Insects are coming back with the rains. Flying ants are coming out of the ground and are attracted by the kerosene lamps. It is a pain to work with flying ants on the paper so I have to close the windows. Then it gets hot. No screens here.

I bought 100 F worth of kerosene from a marche woman. I got to use the Ewe word for it. Words are so valuable. I was looking for garlic one day. It is difficult to try and describe garlic with only sign language. Onions are easily visible but garlic is usually tucked away somewhere. K told me the word for it ("eye-o") so I just said "eye-o" and several women jumped up and brought out their garlic selection.

As I passed by K's house coming back from the marche, one of his sisters came out of the house, smiled and waved to me. Not too unusual? She wasn't wearing a top. This is not an uncommon occurance. Some African customs I've had no trouble adjusting to. Topless women don't have this hey-wink-wink-look-at-me-I-don't-have-a-top-on attitude. Some of my students asked me why American women always keep their breasts covered. What could I say? I said there was a difference in customs and then asked why men and women don't hold hands in public here. Their answer: if you hold hands with someone, everyone assumes you are married. Things that you never see in America are common place here and vice versa.

Some cows just ran through my yard. That's twice this week. The other day there were 6 or 7 grazing on the front lawn.
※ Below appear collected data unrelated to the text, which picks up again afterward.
lemma frames_meeting_interval:
  assumes "\<delta> \<le> 1/2" and "b - a \<le> L / (3 * (1 - \<delta>))"
  shows "finite {k. frame_iv C s L k \<inter> {a..<b} \<noteq> {}}"
    and "card {k. frame_iv C s L k \<inter> {a..<b} \<noteq> {}} \<le> 2"
proof -
  let ?K = "{k. frame_iv C s L k \<inter> {a..<b} \<noteq> {}}"
  have close: "k2 < k1 + 2" if k1: "k1 \<in> ?K" and k2: "k2 \<in> ?K" for k1 k2
  proof (rule ccontr)
    assume "\<not> k2 < k1 + 2"
    obtain t1 where t1: "t1 \<in> frame_iv C s L k1" "a \<le> t1" using k1 by auto
    obtain t2 where t2: "t2 \<in> frame_iv C s L k2" "t2 < b" using k2 by auto
    have "t1 < frame_time (real k1 + 1)" "frame_time (real k2) \<le> t2"
      using t1 t2 by (auto simp: frame_iv_eq)
    moreover have "frame_time (real k1 + 2) \<le> frame_time (real k2)"
      using \<open>\<not> k2 < k1 + 2\<close> by (intro frame_time_mono) simp
    moreover have "L / (1 + \<delta>) \<le> frame_time (real k1 + 2) - frame_time (real k1 + 1)"
      using frame_duration_bounds(1)[of "Suc k1"] by (simp add: add.commute add.left_commute)
    moreover have "L / (3 * (1 - \<delta>)) \<le> L / (1 + \<delta>)"
      using assms(1) frame_length_pos drift_factors_pos by (intro divide_left_mono) auto
    ultimately show False using assms(2) t1(2) t2(2) by linarith
  qed
  show fin: "finite ?K"
  proof (cases "?K = {}")
    case False
    then obtain k1 where "k1 \<in> ?K" by blast
    then have "?K \<subseteq> {..<k1 + 2}" using close by blast
    then show ?thesis using finite_subset by blast
  qed simp
  show "card ?K \<le> 2"
  proof (cases "?K = {}")
    case False
    define m where "m = Min ?K"
    have m: "m \<in> ?K" unfolding m_def by (rule Min_in[OF fin False])
    have "?K \<subseteq> {m, Suc m}"
    proof
      fix k assume k: "k \<in> ?K"
      then have "m \<le> k" using fin by (simp add: m_def)
      moreover have "k < m + 2" using close[OF m k] .
      ultimately show "k \<in> {m, Suc m}" by auto
    qed
    then have "card ?K \<le> card {m, Suc m}" by (rule card_mono[rotated]) simp
    then show ?thesis by simp
  qed simp
qed

definition full_frames :: "real \<Rightarrow> real \<Rightarrow> nat set" where
  "full_frames Ts T = {k. Ts \<le> frame_time (real k) \<and> frame_time (real k + 1) \<le> T}"

lemma full_frames_by_eq_card: "full_frames_by C s L Ts T = card (full_frames Ts T)"
  by (simp add: full_frames_by_def full_frames_def frame_start_eq add.commute)

lemma finite_full_frames: "finite (full_frames Ts T)"
proof -
  obtain m :: nat where m: "T \<le> frame_time (real m)" using frame_time_unbounded by blast
  have "full_frames Ts T \<subseteq> {..<m}"
  proof
    fix k assume "k \<in> full_frames Ts T"
    then have "frame_time (real k + 1) \<le> frame_time (real m)" using m by (simp add: full_frames_def)
    then have "\<not> real m < real k + 1" using frame_time_strict_mono[of "real m" "real k + 1"] by linarith
    then show "k \<in> {..<m}" by simp
  qed
  then show ?thesis using finite_subset by blast
qed

lemma full_frames_mono: "T1 \<le> T2 \<Longrightarrow> full_frames Ts T1 \<subseteq> full_frames Ts T2"
  by (auto simp: full_frames_def)

lemma full_frames_unbounded: "\<exists>T. n \<le> card (full_frames Ts T)"
proof -
  obtain m :: nat where m: "Ts \<le> frame_time (real m)" using frame_time_unbounded by blast
  have "{m..<m + n} \<subseteq> full_frames Ts (frame_time (real (m + n)))"
  proof
    fix k assume k: "k \<in> {m..<m + n}"
    then have "Ts \<le> frame_time (real k)" using m frame_time_mono[of "real m" "real k"] by auto
    moreover have "frame_time (real k + 1) \<le> frame_time (real (m + n))"
      using k by (intro frame_time_mono) auto
    ultimately show "k \<in> full_frames Ts (frame_time (real (m + n)))" by (simp add: full_frames_def)
  qed
  then have "card {m..<m + n} \<le> card (full_frames Ts (frame_time (real (m + n))))"
    by (rule card_mono[OF finite_full_frames])
  then show ?thesis by auto
qed

lemma full_frames_at_last_frame_end:
  assumes "full_frames Ts T \<noteq> {}"
  obtains k where "full_frames Ts T \<subseteq> full_frames Ts (frame_time (real (Suc k)))"
    and "frame_time (real (Suc k)) \<le> T"
proof -
  define k where "k = Max (full_frames Ts T)"
  have k: "k \<in> full_frames Ts T" using assms finite_full_frames by (simp add: k_def)
  have "full_frames Ts T \<subseteq> full_frames Ts (frame_time (real (Suc k)))"
  proof
    fix k' assume k': "k' \<in> full_frames Ts T"
    then have "k' \<le> k" using finite_full_frames by (simp add: k_def)
    then have "frame_time (real k' + 1) \<le> frame_time (real (Suc k))" by (intro frame_time_mono) simp
    with k' show "k' \<in> full_frames Ts (frame_time (real (Suc k)))" by (simp add: full_frames_def)
  qed
  moreover have "frame_time (real (Suc k)) \<le> T" using k by (simp add: full_frames_def add.commute)
  ultimately show thesis by (rule that)
qed

text \<open>The number of full frames grows only at frame ends, so a positive bound is first
  reached at some frame end.\<close>
lemma full_frames_threshold:
  assumes "X > 0"
  obtains \<theta> where "\<And>T. X \<le> real (card (full_frames Ts T)) \<longleftrightarrow> \<theta> \<le> T"
proof -
  let ?G = "\<lambda>T. X \<le> real (card (full_frames Ts T))"
  have G_mono: "?G T2" if "?G T1" "T1 \<le> T2" for T1 T2
    using that card_mono[OF finite_full_frames full_frames_mono[OF that(2), of Ts]] by linarith
  have G_at_frame_end: "\<exists>k. ?G (frame_time (real (Suc k))) \<and> frame_time (real (Suc k)) \<le> T" if "?G T" for T
  proof -
    have "full_frames Ts T \<noteq> {}" using that assms by auto
    then obtain k where k: "full_frames Ts T \<subseteq> full_frames Ts (frame_time (real (Suc k)))"
      "frame_time (real (Suc k)) \<le> T" by (rule full_frames_at_last_frame_end)
    then show ?thesis using that card_mono[OF finite_full_frames k(1)] by (intro exI[of _ k]) simp
  qed
  obtain T0 where "real (nat \<lceil>X\<rceil>) \<le> real (card (full_frames Ts T0))"
    using full_frames_unbounded[of "nat \<lceil>X\<rceil>"] by (meson of_nat_le_iff)
  then have "?G T0" by linarith
  then obtain k0 where k0: "?G (frame_time (real (Suc k0)))" using G_at_frame_end by blast
  define k where "k = (LEAST k. ?G (frame_time (real (Suc k))))"
  have Gk: "?G (frame_time (real (Suc k)))"
    unfolding k_def by (rule LeastI[where P = "\<lambda>k. ?G (frame_time (real (Suc k)))", OF k0])
  show thesis
  proof (rule that[of "frame_time (real (Suc k))"], rule iffI)
    fix T assume "?G T"
    then obtain k' where k': "?G (frame_time (real (Suc k')))" "frame_time (real (Suc k')) \<le> T"
      using G_at_frame_end by blast
    have "k \<le> k'" unfolding k_def by (rule Least_le) (rule k'(1))
    then have "frame_time (real (Suc k)) \<le> frame_time (real (Suc k'))" by (intro frame_time_mono) simp
    with k'(2) show "frame_time (real (Suc k)) \<le> T" by linarith
  qed (use G_mono Gk in blast)
qed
They are fairly gentle, but big:

April 7, 1983 12:20 PM Thursday
Is it the heat? I’m irritable again. Or is it just Terminale? It is hot in the day, warm at night. No time to really cool off.
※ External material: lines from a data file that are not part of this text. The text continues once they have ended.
(* Let $N_{\mathrm{PA}}<N$ and let $f:\mathrm{GF}(2)^N\to\mathrm{GF}(2)^{N_{\mathrm{PA}}}$ be an additive map (i.e. $f(\vec a)=A\vec a$ for an $N_{\mathrm{PA}}\times N$ matrix $A$ over $\mathrm{GF}(2)$) whose matrix $A$ has linearly independent rows, so that $f$ is surjective. Let $\vec a$ be a random $N$-bit string and $E$ a quantum system held by an eavesdropper, with joint classical-quantum state $\rho_{\vec a E}$, and suppose the key $K=f(\vec a)$ is $\epsilon$-secure with respect to $E$, i.e. $\frac12\operatorname{Tr}|\rho_{KE}-\rho_U\otimes\rho_E|\le\epsilon$ where $\rho_U$ is the uniform distribution on $\{0,1\}^{N_{\mathrm{PA}}}$. Let $\vec m'$ be an $N_{\mathrm{PA}}$-bit message, distributed arbitrarily but independently of $(\vec a,E)$, and let $\vec m$ be chosen, given $\vec m'$, uniformly at random (with fresh randomness independent of everything else) from the set $f^{-1}[\vec m']=\{\vec m\in\mathrm{GF}(2)^N: f(\vec m)=\vec m'\}$. Let $S=\vec a\oplus\vec m$ be the string observed by the eavesdropper. Then the message $\vec m'$ is $\epsilon$-secure against an eavesdropper holding $E$ and $S$, in the sense that $$\tfrac12\operatorname{Tr}\big|\rho_{M'SE}-\rho_{M'}\otimes\tau_N\otimes\rho_E\big|\le\epsilon,$$ where $\rho_{M'SE}$ is the joint classical-quantum state of $\vec m'$, $S$ and $E$, $\rho_{M'}$ is the state of $\vec m'$, and $\tau_N$ is the uniform distribution on $\{0,1\}^N$. (This is exactly the security level obtained when, instead, $\vec m'$ is one-time-pad encrypted with the key $f(\vec a)$ and the eavesdropper sees $f(\vec a)\oplus\vec m'$.) *)

theory Defs
  imports "Jordan_Normal_Form.Schur_Decomposition" "Jordan_Normal_Form.Char_Poly" "HOL-Library.Z2"
begin

text \<open>Classical bit strings of length n are vectors in carrier_vec n over the field GF(2)
  (type bit); addition of such vectors is bitwise XOR.\<close>

definition mtrace :: "complex mat \<Rightarrow> complex" where
  "mtrace A = (\<Sum>i<dim_row A. A $$ (i,i))"

definition psd :: "nat \<Rightarrow> complex mat \<Rightarrow> bool" where
  "psd d A \<longleftrightarrow> A \<in> carrier_mat d d \<and> mat_adjoint A = A \<and>
     (\<forall>v \<in> carrier_vec d. 0 \<le> Re (scalar_prod (conjugate v) (A *\<^sub>v v)))"

text \<open>Trace norm Tr|X| of a Hermitian matrix X: the sum of the absolute values of its
  eigenvalues, counted with (algebraic) multiplicity.\<close>
definition trace_norm :: "complex mat \<Rightarrow> real" where
  "trace_norm X = (\<Sum>z\<in>{z. poly (char_poly X) z = 0}. real (order z (char_poly X)) * cmod z)"

definition msum :: "nat \<Rightarrow> ('x \<Rightarrow> complex mat) \<Rightarrow> 'x set \<Rightarrow> complex mat" where
  "msum d f S = mat d d (\<lambda>ij. \<Sum>x\<in>S. f x $$ ij)"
April 9, 1983 7:30 PM Saturday
I feel closer to my friend, the Universe, here in Africa. It is pouring down rain and I like it a lot. It is a good thing. I feel so close to water itself. It is a good friend of mine.
I like black skin a lot, too. It is very handsome skin. It looks closer to the earth (Boy, is it raining!).
I love everything.

April 12, 1983 5:50 PM Tuesday
Today I don’t love everything.
What will I do for a month in the States? Will I have feelings of superiority because of my worldly experience? Will I turn into someone like S who is quite unbearably pretentious? Are there really terminally boring people in the world who have nothing to say? Is P right? Should some people be terminated? Or are all people good somewhere? Is it worthwhile to ask these questions? What else is there to do but ask? Should I “just live?” What does that mean? Does asking these questions help me become a more content person?

April 13, 1983 9:30 PM


It’s My Home

There’s a cloud in the night sky
That the wind never blows away
And I’ve seen it go
Through the tail of Scorpio
It’s my home, it’s my home

Some friends from a star in Centaurus have offered me a ride
And I’m gonna go, I’d be a fool to say no
It’s my home, it’s my home

I know some people on Alpha Lyra
That I haven’t seen for awhile
We can write letters but the mail is so slow
And I’d like to see them smile

I’ve been out here for awhile
And I know the folks in town
And though the trees aren’t the same I know everyone’s name
It’s my home, it’s my home

There’s a star in the south west
(Where the Centaur looks at me)
And there’s a world near that sun, it’s my favorite one
It’s my home, it’s my home

It must seem I have many
And in a way, it’s true
Even back in Jersey is my own family
That’s my home, that’s my home

April 14

You can only find brightly colored, usually stripped socks here. There are no bland African clothes.

Saturday, April 16 2:40 PM
Just up from a nap and I have that mystical just-woke-up feeling. It makes me feel magic. But I don’t know if I always had it.

I mowed part of my lawn this morning. Not like this:

but like this:

Everyone in Togo has a coup-coup (machete) and a short hoe:

Too common place is to see little seven-year-old girls carrying these huge knives. Very fashionable, to wear a short hoe on your head:

I was sitting on one of the marche tables the other day watching the people in town:

Africans are not accustomed to counter tops so they put all their work on the ground. If they're washing dishes, or sorting dried manioc or dried cola nuts, palm nuts, etc., they stand and work bending over their dishes, etc. The surprising thing is the ease at which they bend to work. If I put myself in the average working position, I would be in great pain. They don't bend their legs and yet they work close to the ground.

Sunday April 17 4:15 PM
I feel good. People are being friendly to me in town. Friday might I went into town to “take some air” and met some Première A4 students who were already taking some air. We talked for awhile. The Marché women are getting to know me. They use Ewe greetings instead of French. Perhaps the phase of the moon is good.

Tuesday April 19 3:45 PM
I filled up the mobylette today. How many trips to school and back can be made on one tank full? I bought gas in Ewe today. It made the gas man smile.

8:30 PM
I was feeling so good. Then boom. I feel anxious... Perhaps too many mosquito bites, too humid? Not enough water?